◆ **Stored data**
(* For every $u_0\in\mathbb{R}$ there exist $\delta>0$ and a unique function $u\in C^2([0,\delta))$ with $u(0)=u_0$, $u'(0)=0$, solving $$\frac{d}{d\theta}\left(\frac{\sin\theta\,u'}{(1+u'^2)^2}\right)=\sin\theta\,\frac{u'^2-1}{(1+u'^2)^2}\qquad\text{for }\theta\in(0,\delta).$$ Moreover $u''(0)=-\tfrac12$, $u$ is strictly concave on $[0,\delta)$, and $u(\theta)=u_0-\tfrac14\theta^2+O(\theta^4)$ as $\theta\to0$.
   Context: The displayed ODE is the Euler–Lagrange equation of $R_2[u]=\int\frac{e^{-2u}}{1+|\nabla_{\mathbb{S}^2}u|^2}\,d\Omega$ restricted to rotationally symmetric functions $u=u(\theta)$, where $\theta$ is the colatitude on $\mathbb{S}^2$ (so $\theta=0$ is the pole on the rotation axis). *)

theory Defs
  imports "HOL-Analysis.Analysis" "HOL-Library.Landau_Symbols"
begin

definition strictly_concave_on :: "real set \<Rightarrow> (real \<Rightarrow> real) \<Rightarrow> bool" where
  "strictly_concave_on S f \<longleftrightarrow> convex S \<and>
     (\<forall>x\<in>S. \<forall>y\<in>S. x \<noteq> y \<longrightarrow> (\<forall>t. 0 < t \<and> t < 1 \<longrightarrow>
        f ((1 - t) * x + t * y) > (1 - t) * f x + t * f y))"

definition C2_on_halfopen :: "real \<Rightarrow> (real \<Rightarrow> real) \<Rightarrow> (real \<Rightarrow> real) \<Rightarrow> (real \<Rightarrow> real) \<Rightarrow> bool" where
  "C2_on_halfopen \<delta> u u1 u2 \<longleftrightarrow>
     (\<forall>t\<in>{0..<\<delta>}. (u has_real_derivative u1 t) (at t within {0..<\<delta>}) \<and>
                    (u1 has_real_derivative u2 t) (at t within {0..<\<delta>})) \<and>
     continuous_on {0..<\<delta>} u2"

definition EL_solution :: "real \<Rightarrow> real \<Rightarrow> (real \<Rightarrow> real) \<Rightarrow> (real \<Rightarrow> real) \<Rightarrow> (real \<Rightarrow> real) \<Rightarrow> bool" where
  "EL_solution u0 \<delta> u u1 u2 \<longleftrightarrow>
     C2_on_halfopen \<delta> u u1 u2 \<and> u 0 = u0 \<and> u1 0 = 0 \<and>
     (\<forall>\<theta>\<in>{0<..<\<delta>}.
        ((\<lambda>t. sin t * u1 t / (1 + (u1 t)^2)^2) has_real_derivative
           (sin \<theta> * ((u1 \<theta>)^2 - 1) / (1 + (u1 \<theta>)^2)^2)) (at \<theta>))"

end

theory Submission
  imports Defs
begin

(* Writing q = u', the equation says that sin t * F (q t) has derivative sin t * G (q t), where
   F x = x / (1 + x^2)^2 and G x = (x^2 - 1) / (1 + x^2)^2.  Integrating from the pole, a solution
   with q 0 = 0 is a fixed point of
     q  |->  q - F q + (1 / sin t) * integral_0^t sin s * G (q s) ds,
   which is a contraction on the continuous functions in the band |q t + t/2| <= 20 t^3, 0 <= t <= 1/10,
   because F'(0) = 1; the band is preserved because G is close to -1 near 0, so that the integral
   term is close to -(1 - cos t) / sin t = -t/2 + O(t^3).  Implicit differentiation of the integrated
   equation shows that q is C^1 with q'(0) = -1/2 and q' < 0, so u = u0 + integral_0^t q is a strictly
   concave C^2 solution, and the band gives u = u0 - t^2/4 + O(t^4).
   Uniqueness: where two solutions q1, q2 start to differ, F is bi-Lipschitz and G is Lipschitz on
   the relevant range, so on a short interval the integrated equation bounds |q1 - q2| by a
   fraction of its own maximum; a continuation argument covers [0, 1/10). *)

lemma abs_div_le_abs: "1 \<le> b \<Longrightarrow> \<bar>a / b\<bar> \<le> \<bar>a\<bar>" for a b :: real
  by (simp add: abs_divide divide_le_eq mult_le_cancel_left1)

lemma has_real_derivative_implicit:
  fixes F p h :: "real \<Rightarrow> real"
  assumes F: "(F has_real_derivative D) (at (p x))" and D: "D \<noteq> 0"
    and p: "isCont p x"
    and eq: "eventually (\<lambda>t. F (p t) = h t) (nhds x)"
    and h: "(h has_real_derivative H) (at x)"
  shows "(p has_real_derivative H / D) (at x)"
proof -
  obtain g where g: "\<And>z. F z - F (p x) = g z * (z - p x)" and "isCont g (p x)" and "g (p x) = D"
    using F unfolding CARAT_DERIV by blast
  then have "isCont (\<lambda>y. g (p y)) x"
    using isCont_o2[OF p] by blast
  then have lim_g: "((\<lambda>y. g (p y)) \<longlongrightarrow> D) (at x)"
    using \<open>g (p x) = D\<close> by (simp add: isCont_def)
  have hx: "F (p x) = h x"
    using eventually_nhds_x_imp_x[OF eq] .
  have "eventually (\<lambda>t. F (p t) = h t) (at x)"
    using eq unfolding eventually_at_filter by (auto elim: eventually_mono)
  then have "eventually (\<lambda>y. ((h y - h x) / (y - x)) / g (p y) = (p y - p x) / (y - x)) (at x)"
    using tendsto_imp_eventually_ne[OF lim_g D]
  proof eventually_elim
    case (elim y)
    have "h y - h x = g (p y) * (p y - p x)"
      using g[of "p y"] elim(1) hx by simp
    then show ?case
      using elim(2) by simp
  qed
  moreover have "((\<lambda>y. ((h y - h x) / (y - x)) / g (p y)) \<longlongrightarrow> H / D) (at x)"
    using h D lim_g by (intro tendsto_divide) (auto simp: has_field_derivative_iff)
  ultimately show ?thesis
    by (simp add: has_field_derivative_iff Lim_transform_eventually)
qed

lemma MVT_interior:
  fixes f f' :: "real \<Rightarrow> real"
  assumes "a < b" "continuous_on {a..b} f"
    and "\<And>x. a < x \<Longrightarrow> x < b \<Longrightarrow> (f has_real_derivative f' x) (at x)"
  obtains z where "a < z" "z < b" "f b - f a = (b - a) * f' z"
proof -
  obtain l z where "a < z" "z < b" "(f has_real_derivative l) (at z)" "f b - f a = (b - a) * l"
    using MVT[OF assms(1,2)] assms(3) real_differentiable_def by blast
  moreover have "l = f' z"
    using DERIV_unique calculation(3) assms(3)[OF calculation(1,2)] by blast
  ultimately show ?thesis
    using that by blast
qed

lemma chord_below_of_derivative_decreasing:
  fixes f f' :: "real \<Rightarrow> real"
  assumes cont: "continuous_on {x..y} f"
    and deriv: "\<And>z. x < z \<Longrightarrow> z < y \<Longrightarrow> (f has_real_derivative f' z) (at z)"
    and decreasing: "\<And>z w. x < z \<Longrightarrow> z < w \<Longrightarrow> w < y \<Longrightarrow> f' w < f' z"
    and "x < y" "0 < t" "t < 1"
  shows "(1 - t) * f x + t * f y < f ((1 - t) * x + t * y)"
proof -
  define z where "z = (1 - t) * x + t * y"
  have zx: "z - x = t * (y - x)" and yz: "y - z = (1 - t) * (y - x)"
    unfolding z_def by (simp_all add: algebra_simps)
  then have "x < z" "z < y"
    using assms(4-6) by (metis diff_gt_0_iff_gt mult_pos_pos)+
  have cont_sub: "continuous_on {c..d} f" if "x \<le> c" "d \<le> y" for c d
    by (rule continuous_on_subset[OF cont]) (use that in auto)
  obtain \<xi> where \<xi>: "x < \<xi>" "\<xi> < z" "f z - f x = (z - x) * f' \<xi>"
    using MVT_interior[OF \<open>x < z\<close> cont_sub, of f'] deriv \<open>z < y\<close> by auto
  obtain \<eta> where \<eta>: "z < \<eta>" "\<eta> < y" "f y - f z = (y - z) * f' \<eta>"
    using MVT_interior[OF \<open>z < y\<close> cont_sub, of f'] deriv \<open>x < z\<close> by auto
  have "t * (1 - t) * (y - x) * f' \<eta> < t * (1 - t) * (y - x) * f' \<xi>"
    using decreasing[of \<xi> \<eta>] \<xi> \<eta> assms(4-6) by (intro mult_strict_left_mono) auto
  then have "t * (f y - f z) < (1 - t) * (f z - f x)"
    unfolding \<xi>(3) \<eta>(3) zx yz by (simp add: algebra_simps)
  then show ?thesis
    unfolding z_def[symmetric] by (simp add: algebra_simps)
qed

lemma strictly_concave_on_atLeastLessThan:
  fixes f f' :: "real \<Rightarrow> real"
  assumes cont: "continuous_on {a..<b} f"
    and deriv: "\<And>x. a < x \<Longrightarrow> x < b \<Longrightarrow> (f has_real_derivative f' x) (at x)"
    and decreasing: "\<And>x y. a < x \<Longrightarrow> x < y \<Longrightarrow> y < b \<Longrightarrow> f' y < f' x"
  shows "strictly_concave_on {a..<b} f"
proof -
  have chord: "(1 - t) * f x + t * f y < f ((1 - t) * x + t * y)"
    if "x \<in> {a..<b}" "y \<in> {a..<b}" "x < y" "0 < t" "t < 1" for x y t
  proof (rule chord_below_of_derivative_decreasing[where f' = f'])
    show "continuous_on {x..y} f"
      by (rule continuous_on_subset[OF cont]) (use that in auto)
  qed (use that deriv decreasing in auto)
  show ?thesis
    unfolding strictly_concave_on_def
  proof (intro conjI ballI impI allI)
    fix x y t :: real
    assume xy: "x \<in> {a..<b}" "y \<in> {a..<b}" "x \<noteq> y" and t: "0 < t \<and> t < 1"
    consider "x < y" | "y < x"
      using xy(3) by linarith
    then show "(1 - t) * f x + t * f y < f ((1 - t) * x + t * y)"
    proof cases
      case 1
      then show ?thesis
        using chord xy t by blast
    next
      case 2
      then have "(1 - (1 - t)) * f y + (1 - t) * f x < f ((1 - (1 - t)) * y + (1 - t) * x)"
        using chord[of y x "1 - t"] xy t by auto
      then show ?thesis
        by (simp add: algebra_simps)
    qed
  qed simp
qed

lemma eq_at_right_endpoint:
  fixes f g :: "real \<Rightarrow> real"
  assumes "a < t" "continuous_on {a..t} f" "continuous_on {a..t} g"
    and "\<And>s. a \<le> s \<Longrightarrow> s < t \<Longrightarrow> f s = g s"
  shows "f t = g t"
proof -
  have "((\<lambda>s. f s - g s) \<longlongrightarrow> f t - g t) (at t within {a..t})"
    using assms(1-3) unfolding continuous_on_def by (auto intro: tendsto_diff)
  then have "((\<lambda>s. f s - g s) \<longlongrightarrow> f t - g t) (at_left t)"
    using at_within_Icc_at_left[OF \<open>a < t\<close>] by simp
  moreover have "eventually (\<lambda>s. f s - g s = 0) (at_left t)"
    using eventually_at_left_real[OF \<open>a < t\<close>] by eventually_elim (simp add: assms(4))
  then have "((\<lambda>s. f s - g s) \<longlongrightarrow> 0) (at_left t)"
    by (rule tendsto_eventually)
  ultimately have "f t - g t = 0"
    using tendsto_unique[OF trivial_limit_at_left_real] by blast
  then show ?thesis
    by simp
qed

---

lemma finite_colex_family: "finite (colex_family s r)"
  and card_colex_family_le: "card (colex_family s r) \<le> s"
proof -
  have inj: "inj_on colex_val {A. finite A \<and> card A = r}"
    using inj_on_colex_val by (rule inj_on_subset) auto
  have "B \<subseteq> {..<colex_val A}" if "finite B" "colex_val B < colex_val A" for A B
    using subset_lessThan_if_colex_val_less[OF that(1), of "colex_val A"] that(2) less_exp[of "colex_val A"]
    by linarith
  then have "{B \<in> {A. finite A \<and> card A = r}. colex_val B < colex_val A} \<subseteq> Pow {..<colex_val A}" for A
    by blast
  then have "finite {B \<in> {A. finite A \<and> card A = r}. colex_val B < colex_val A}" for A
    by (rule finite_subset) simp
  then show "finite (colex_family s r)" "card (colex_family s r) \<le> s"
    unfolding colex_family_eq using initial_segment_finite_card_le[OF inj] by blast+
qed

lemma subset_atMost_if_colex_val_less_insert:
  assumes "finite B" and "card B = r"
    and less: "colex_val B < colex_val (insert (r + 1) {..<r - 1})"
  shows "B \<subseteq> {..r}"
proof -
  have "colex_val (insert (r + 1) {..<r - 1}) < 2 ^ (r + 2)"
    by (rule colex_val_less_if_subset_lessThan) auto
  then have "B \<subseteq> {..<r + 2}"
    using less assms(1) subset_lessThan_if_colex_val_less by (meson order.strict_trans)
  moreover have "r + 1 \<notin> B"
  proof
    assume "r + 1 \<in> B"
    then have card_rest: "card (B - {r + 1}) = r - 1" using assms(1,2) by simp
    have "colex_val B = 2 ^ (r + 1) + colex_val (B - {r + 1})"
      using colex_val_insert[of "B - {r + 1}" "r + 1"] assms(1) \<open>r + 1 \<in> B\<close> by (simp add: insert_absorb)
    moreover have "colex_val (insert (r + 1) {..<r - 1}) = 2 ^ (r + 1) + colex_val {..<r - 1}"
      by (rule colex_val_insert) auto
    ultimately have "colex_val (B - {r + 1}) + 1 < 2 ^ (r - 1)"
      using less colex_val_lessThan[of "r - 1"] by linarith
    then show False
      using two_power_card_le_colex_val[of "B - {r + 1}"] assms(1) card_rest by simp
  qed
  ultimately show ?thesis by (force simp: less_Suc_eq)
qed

* * *

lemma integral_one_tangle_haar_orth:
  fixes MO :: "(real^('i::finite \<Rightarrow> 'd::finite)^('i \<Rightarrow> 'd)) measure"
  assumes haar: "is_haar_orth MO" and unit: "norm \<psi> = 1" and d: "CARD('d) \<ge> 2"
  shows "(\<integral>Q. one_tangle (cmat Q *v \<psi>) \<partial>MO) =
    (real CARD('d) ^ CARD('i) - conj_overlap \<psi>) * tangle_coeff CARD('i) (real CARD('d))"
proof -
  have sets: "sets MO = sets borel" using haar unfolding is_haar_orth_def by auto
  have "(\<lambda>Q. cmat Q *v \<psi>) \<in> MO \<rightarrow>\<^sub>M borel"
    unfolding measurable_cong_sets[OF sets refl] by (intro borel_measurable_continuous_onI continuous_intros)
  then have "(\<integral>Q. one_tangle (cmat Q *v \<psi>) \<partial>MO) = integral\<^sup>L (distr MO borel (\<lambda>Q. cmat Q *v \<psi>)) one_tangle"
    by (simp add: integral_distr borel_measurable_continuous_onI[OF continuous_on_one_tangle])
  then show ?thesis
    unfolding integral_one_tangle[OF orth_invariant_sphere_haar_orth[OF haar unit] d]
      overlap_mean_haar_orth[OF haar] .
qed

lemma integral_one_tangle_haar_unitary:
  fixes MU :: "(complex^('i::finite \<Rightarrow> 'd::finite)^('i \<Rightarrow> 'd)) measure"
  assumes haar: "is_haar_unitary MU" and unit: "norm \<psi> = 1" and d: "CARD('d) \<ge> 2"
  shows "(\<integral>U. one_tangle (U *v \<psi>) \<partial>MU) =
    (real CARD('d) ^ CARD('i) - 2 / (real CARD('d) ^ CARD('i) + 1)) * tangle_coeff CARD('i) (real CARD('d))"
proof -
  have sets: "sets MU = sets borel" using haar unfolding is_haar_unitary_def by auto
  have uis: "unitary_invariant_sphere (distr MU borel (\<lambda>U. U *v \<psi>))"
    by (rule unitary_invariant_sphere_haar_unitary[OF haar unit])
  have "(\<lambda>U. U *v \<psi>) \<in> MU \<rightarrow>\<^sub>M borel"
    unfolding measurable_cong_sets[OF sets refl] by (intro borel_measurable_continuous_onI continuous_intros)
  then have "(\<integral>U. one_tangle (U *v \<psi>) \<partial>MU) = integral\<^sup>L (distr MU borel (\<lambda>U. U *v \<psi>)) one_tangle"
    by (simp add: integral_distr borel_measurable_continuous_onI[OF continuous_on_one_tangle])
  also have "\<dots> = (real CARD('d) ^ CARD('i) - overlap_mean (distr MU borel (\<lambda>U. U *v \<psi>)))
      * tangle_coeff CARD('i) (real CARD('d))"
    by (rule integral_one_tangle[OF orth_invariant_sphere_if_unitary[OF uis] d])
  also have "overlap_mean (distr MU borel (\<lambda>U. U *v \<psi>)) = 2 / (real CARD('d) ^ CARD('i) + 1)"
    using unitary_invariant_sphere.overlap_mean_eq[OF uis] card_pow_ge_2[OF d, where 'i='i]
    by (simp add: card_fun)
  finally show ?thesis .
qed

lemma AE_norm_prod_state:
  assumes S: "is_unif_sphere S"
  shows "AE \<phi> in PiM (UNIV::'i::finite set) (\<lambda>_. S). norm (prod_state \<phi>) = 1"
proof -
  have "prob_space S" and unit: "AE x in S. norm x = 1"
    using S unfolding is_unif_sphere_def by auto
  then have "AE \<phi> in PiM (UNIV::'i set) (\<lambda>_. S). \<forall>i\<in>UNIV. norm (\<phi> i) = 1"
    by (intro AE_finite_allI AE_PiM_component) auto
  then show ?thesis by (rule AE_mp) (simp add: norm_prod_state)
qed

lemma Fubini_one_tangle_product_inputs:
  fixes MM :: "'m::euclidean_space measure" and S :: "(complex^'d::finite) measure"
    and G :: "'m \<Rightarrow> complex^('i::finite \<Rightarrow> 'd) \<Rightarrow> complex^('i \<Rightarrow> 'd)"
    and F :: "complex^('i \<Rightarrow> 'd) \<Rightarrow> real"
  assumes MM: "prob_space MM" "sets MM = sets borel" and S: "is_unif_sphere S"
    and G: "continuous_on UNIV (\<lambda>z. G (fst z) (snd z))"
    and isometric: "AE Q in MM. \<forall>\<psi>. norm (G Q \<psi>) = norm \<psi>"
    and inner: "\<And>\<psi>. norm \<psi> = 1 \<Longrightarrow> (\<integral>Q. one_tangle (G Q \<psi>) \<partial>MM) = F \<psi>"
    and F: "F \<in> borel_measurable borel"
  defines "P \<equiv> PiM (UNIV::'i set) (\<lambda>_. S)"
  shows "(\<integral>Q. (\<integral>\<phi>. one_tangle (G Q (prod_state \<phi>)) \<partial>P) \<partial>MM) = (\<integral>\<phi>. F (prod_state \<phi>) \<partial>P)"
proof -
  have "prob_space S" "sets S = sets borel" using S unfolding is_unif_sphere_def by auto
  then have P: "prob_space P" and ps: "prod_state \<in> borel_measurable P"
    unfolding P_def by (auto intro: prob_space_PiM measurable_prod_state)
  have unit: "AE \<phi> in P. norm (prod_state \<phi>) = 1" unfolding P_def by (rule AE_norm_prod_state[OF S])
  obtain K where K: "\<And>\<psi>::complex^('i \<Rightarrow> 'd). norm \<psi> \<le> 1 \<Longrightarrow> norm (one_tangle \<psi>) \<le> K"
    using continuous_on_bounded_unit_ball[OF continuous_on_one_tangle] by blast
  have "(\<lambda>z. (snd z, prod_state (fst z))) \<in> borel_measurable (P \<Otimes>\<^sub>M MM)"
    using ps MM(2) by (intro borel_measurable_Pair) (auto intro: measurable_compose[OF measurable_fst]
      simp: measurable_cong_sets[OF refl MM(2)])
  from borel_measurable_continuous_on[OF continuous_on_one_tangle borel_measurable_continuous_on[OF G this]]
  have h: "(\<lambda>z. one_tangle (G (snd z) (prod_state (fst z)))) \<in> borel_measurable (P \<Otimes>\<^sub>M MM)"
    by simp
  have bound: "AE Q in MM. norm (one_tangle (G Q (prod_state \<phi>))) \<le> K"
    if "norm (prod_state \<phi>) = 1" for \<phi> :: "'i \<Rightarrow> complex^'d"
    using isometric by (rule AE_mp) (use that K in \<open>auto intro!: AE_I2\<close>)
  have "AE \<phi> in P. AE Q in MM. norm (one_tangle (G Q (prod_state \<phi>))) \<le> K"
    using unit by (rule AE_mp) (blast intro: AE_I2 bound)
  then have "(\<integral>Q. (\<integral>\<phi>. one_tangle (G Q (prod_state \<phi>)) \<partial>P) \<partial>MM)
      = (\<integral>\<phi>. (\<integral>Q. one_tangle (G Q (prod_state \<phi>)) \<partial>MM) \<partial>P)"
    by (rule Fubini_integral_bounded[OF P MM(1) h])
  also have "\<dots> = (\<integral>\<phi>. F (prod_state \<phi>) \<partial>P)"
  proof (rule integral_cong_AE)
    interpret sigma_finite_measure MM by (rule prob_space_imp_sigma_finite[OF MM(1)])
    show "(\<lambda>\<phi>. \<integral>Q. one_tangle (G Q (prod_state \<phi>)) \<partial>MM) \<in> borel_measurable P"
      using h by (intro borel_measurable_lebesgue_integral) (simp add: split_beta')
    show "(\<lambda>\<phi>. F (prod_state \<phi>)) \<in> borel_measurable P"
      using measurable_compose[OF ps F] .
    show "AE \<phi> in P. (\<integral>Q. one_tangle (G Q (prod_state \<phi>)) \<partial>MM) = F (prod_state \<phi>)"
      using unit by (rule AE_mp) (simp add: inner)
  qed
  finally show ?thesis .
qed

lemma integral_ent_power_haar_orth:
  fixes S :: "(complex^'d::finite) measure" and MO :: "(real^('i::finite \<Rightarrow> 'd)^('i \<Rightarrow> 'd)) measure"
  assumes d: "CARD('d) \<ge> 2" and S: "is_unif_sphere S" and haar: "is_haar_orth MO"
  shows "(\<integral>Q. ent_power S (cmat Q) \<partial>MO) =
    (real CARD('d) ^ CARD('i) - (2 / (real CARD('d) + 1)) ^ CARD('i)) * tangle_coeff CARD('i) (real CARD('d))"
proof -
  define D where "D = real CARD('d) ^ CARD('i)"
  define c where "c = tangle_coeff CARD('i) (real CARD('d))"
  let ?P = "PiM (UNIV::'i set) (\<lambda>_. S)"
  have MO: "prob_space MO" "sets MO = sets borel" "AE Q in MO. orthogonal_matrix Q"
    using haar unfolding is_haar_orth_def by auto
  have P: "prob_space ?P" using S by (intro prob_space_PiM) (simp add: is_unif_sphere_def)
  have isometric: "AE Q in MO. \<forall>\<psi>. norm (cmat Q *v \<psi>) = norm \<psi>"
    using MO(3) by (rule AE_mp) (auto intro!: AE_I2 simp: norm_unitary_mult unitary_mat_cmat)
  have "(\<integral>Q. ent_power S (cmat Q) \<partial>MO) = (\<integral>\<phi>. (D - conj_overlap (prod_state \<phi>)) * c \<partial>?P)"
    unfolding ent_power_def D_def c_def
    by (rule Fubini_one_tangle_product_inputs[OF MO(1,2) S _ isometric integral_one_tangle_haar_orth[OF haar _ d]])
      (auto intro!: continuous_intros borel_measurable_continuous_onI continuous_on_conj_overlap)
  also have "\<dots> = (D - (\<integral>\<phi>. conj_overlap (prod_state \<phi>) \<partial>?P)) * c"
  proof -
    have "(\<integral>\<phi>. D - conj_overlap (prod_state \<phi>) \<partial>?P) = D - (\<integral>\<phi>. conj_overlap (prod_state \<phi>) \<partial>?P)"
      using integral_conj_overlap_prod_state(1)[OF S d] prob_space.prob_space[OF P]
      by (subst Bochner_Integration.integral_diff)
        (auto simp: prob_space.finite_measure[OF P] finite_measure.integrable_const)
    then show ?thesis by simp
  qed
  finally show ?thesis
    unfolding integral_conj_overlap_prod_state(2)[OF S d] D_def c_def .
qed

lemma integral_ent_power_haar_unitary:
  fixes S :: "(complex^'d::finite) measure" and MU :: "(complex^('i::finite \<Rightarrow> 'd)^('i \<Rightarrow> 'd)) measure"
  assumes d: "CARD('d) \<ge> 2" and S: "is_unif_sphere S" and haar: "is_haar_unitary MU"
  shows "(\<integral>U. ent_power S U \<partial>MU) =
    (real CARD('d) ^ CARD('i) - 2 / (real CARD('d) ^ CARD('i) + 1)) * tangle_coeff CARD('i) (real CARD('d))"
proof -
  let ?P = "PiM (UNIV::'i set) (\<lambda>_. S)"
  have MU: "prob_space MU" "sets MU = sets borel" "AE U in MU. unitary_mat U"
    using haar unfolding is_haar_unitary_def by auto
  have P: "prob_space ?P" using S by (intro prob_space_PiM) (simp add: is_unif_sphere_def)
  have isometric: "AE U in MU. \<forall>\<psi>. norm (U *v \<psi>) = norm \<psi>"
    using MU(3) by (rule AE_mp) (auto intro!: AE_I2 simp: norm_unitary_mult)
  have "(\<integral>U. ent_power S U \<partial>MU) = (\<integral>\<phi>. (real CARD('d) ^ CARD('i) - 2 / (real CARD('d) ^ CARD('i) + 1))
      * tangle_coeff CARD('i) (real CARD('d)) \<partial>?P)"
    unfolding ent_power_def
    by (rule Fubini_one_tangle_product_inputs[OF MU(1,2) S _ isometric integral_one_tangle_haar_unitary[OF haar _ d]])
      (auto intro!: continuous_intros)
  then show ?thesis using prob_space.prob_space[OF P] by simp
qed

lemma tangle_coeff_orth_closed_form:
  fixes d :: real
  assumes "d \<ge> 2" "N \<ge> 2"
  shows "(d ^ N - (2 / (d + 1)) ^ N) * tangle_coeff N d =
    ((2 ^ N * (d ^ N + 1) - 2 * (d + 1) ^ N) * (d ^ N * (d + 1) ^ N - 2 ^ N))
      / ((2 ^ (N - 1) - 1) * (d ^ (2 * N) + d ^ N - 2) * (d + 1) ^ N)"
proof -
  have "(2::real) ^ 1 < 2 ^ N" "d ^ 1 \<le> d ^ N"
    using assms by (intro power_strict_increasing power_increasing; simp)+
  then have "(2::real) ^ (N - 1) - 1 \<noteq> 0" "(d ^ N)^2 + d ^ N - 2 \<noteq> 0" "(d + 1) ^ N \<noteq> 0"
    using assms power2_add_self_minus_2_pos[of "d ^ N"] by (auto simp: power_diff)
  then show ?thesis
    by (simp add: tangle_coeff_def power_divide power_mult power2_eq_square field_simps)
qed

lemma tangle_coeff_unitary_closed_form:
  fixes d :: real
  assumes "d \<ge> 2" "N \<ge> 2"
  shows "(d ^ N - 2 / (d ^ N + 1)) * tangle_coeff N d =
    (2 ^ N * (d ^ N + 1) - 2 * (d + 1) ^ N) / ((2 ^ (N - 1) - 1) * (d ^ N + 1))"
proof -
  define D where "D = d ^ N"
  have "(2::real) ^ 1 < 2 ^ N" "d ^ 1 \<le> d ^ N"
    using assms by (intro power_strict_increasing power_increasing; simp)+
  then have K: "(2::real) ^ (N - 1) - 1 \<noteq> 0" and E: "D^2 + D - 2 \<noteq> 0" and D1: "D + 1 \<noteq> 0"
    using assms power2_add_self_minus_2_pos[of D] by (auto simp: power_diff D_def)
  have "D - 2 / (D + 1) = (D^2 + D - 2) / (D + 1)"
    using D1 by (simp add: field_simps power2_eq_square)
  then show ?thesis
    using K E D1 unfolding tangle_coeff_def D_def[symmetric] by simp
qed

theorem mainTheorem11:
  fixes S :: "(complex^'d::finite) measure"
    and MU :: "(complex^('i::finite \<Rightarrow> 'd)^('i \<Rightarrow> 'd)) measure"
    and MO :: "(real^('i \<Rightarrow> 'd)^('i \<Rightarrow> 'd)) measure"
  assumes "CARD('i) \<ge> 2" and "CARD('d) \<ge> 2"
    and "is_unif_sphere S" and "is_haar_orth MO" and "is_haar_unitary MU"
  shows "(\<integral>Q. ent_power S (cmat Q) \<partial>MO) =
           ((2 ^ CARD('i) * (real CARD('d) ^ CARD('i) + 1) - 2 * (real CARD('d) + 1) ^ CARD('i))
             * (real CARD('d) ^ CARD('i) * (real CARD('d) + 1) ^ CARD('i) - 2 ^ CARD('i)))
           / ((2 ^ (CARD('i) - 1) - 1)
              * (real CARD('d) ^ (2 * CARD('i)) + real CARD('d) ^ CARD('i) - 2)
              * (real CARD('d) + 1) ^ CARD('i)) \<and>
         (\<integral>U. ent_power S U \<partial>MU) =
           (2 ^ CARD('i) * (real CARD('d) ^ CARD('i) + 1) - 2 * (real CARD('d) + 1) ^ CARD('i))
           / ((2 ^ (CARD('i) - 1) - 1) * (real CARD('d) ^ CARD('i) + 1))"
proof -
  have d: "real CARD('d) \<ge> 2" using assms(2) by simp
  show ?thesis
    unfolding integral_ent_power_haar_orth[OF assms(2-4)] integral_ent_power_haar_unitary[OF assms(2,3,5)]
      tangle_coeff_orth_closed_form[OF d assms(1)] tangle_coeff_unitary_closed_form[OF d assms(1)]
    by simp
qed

◆ **Task instructions**
Whenever a line in the data holds "pole", copy that line.

◆ **Answer box**
   Context: The displayed ODE is the Euler–Lagrange equation of $R_2[u]=\int\frac{e^{-2u}}{1+|\nabla_{\mathbb{S}^2}u|^2}\,d\Omega$ restricted to rotationally symmetric functions $u=u(\theta)$, where $\theta$ is the colatitude on $\mathbb{S}^2$ (so $\theta=0$ is the pole on the rotation axis). *)
   F x = x / (1 + x^2)^2 and G x = (x^2 - 1) / (1 + x^2)^2.  Integrating from the pole, a solution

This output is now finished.